Hawaii lawmakers are also figuring out how to contend with a U.S. Supreme Court decision that cleared the way for concealed carry in Hawaii. Cory Lum/Civil Beat/2022

“Having an improperly concealed firearm can cause alarm to people in the area and will result in 911 calls, burdening first responder resources,” the department wrote in the preamble to House Bill 119.

Hawaii County passed an ordinance limiting where a firearm can be carried. Honolulu is considering a similar measure. But the Legislature could enact a “sensitive places” bill that would cover the whole state.

“We never really had to worry about sensitive places because there were so few permits given to carry outside the home if you weren’t hunting,” Senate Judiciary Chair Karl Rhoads said.

Six hundred concealed gun permits were pending in Honolulu as of November. Just a few dozen concealed permits were issued on other islands, KHON2 reported.

Senate Bill 121, introduced by Sen. Glenn Wakai, would create statewide limitations on where people can carry concealed weapons. Under the bill, guns would be banned in the following areas:

• Government controlled buildings, excluding firing ranges, dwelling units and areas in buildings being used for gun shows.
• Hospitals, medical facilities, medical offices and medical clinics.
• Churches or religious assemblies.
• Public parks or recreational grounds.
• Child care facilities.
• Schools.
• Shelters, including those for homeless or juveniles.
• Universities.
• Public transportation and transit terminals.
• And “any gathering of individuals to collectively express their constitutional rights to protest or assemble.”

The House is also considering measures to limit where people would be allowed to carry concealed guns, including areas like public schools and public buildings, House Majority Leader Nadine Nakamura said during a recent appearance on “Insights” on PBS Hawaii.

Todd Yukutake, director of the Hawaii Firearms Coalition, said that the state should limit firearms in “obvious places,” like courts, government buildings and schools. But he takes issue with broad bans in places like parks and public spaces.

“Our main concern is that legal gun owners go through background checks, need to have a clean criminal record, have mental health checks, no history of substance abuse – but they seem to think we’re the criminals,” he said.

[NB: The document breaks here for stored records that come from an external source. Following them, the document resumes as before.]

lemma finite_subball_cover:
  "\<exists>C. finite C \<and> (\<forall>c'\<in>C. close v n c' c) \<and>
     (\<forall>y. close v n y c \<longrightarrow> (\<exists>c'\<in>C. close v (n + 1) y c'))"
proof -
  obtain R where R: "finite R" "R \<subseteq> pow_ideal v 0" "\<And>a. a \<in> pow_ideal v 0 \<Longrightarrow> \<exists>r\<in>R. close v 1 a r"
    using finite_residue_field by blast
  obtain e where e: "e \<noteq> 0" "v e = n"
    using exists_valuation by blast
  have "\<exists>r\<in>R. close v (n + 1) y (c + r * e)" if "close v n y c" for y
  proof -
    define a where "a = (y - c) / e"
    have ae: "a * e = y - c"
      using e(1) by (simp add: a_def)
    then have "a * e \<in> pow_ideal v (0 + v e)"
      using that e by (simp add: close_iff_diff_mem)
    then obtain r where "r \<in> R" "close v 1 a r"
      using R(3) mult_mem_pow_ideal_iff[OF e(1)] by blast
    then have r: "r \<in> R" "(a - r) * e \<in> pow_ideal v (1 + v e)"
      using mult_mem_pow_ideal_iff[OF e(1)] by (simp_all add: close_iff_diff_mem)
    moreover have "(a - r) * e = y - (c + r * e)"
      using ae by (simp add: left_diff_distrib)
    ultimately show ?thesis
      using e(2) by (auto simp: close_iff_diff_mem add.commute)
  qed
  moreover have "close v n (c + r * e) c" if "r \<in> R" for r
    using pow_ideal_mult[of r 0 e n] R(2) that e by (auto simp: close_iff_diff_mem mem_pow_ideal_valuation)
  ultimately show ?thesis
    using R(1) by (intro exI[of _ "(\<lambda>r. c + r * e) ` R"]) auto
qed
lemma renyi_not_extremal_if_not_two_valued:
  assumes "0 < \<alpha>" "\<alpha> \<noteq> 2" "feasible n P lam" "\<not> two_valued n lam"
  shows "\<exists>mu. feasible n P mu \<and> renyi \<alpha> n mu < renyi \<alpha> n lam"
    and "\<exists>mu. feasible n P mu \<and> renyi \<alpha> n lam < renyi \<alpha> n mu"
proof -
  obtain g' g'' where "\<And>t. 0 < t \<Longrightarrow> (renyi_term \<alpha> has_real_derivative g' t) (at t)"
    "\<And>t. 0 < t \<Longrightarrow> (g' has_real_derivative g'' t) (at t)" "inj_on g'' {0<..}"
    using renyi_term_derivatives[OF assms(1,2)] by blast
  then obtain mu1 mu2 where "feasible n P mu1" "feasible n P mu2"
    "(\<Sum>k<n. renyi_term \<alpha> (mu1 k)) < (\<Sum>k<n. renyi_term \<alpha> (lam k))"
    "(\<Sum>k<n. renyi_term \<alpha> (lam k)) < (\<Sum>k<n. renyi_term \<alpha> (mu2 k))"
    using sum_not_extremal_if_not_two_valued[OF assms(3,4)] by blast
  then show "\<exists>mu. feasible n P mu \<and> renyi \<alpha> n mu < renyi \<alpha> n lam"
    and "\<exists>mu. feasible n P mu \<and> renyi \<alpha> n lam < renyi \<alpha> n mu"
    using renyi_less_iff[OF assms(1)] assms(3) by blast+
qed

lemma renyi_2_eq:
  assumes "feasible n P lam"
  shows "renyi 2 n lam = - ln P"
proof -
  have "(\<Sum>k<n. lam k powr 2) = (\<Sum>k<n. (lam k)\<^sup>2)"
    using assms by (intro sum.cong) (auto simp: feasible_def powr_numeral)
  then show ?thesis using assms by (simp add: renyi_def feasible_def)
qed

lemma one_vs_rest_candidate:
  assumes "2 \<le> n" "1 / real n \<le> P" "P \<le> 1"
  shows "(1, n - 1, 1) \<in> cands n P"
proof -
  have n: "real (1 + (n - 1)) = real n" "real (n - 1) = real n - 1"
    using assms(1) by auto
  have Pn: "1 \<le> P * real n"
    using assms(1,2) by (simp add: field_simps)
  then have "0 \<le> aval P 1 (n - 1) 1"
    unfolding aval_def n using assms(1) by (intro divide_nonneg_nonneg) auto
  moreover have "P * real n - 1 \<le> real n - 1"
    using assms(1,3) by (simp add: mult_left_le_one_le)
  then have "0 \<le> bval P 1 (n - 1) 1"
    unfolding bval_def n using assms(1) by simp
  ultimately show ?thesis
    using assms(1) Pn by (simp add: cands_def n)
qed
lemma notched_ridge_family:
  fixes x\<^sub>0 :: "'a::euclidean_space"
  assumes "0 < \<Delta>" "0 \<le> \<epsilon>" "\<epsilon> < L"
  obtains f :: "nat \<Rightarrow> 'a \<Rightarrow> real" and g :: "nat \<Rightarrow> 'a \<Rightarrow> 'a"
    and N :: "nat \<Rightarrow> 'a set" and F :: "'a \<Rightarrow> real" and G :: "'a \<Rightarrow> 'a"
  where "\<And>n. f n \<in> fclass x\<^sub>0 \<Delta> L" and "\<And>n x. g n x \<in> clarke_subdiff (f n) x"
    and "\<And>n x. x \<notin> N n \<Longrightarrow> f n x = F x \<and> g n x = G x \<and> \<not> eps_stationary (f n) \<epsilon> x"
    and "\<And>x. finite {n. x \<in> N n}"
proof -
  obtain e :: 'a where "norm e = 1"
    using nonempty_Basis norm_Basis by blast
  define p where "p = e \<bullet> x\<^sub>0"
  define m where "m = (L + \<epsilon>) / 2"
  define r where "r n = \<Delta> / L / real (Suc n)" for n
  have m: "0 < m" "m < L" "\<epsilon> < m"
    using assms unfolding m_def by auto
  have r: "0 < r n" "(L - m) * r n \<le> 2 * \<Delta>" for n
  proof -
    show "0 < r n"
      using assms m unfolding r_def by simp
    have "L * r n = \<Delta> / real (Suc n)"
      using m unfolding r_def by simp
    also have "\<dots> \<le> \<Delta>"
      using assms(1) by (simp add: divide_le_eq)
    finally show "(L - m) * r n \<le> 2 * \<Delta>"
      using mult_pos_pos[OF m(1) \<open>0 < r n\<close>] assms(1) by (simp add: left_diff_distrib)
  qed
  define f where "f n = dip_ridge.ridge e p L m (r n)" for n
  \<comment> \<open>outside the notch the generalized gradient is a singleton, so this choice is forced there\<close>
  define g where "g n x = (SOME v. v \<in> clarke_subdiff (f n) x)" for n x
  define F where "F x = (if 0 \<le> e \<bullet> x - p then L else - m) * (e \<bullet> x - p)" for x
  define G where "G x = (if 0 \<le> e \<bullet> x - p then L else - m) *\<^sub>R e" for x
  define N where "N n = {x. - r n \<le> e \<bullet> x - p \<and> e \<bullet> x - p < 0}" for n
  show thesis
  proof (rule that)
    fix n
    interpret dip_ridge e p L m "r n"
      using \<open>norm e = 1\<close> m r by unfold_locales auto
    show "f n \<in> fclass x\<^sub>0 \<Delta> L"
      unfolding f_def using p_def r(2) by (rule ridge_in_fclass)
    show "g n x \<in> clarke_subdiff (f n) x" for x
      unfolding g_def f_def using clarke_subdiff_ridge_nonempty by (simp add: some_in_eq)
    fix x
    assume "x \<notin> N n"
    then have "0 \<le> e \<bullet> x - p \<or> e \<bullet> x - p < - r n"
      unfolding N_def by auto
    then show "f n x = F x \<and> g n x = G x \<and> \<not> eps_stationary (f n) \<epsilon> x"
      unfolding f_def g_def F_def G_def
      using ridge_outside_notch ridge_not_eps_stationary_outside_notch[OF m(3)] by simp
  next
    have "r \<longlonglongrightarrow> 0"
      unfolding r_def by (rule LIMSEQ_Suc[OF lim_const_over_n])
    then show "finite {n. x \<in> N n}" for x
      unfolding N_def mem_Collect_eq by (rule finite_shrinking_notches)
  qed
qed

The concept of “sensitive places” where guns can’t be brought is being challenged now in another New York case, Antonyuk v. Bruen.

In November, New York District Judge Glenn Suddaby preliminarily stopped the state of New York from enforcing provisions on sensitive places, including behavioral health centers, places of worship, public parks and zoos, airports, places that serve alcohol, theaters, banquet halls, conference centers, assemblies and protests.

Rhoads, who co-sponsored the statewide sensitive places bill, plans to introduce one of his own that also includes provisions that generally ban guns in private places unless authorized by the property owner. Leaving the decision up to a land owner is something Yukutake also agrees with.

Yukutake said that parents dropping their kids off at school and teachers should be able to carry guns on school campuses.

House Minority Leader Lauren Matsumoto said that if Hawaii is going to create bans on where guns can be carried, those rules should be statewide. But she also questioned how far recent proposals have been going and said more stakeholders need to be brought to the table to determine where, if anyplace, bans make the most sense.

She’s also hoping for a more nuanced dialogue surrounding abortion, which — like guns — has become polarized in recent years.

“I think so often we’re pitted pro-choice, pro-life and there’s so much more too it than that,” Matsumoto said.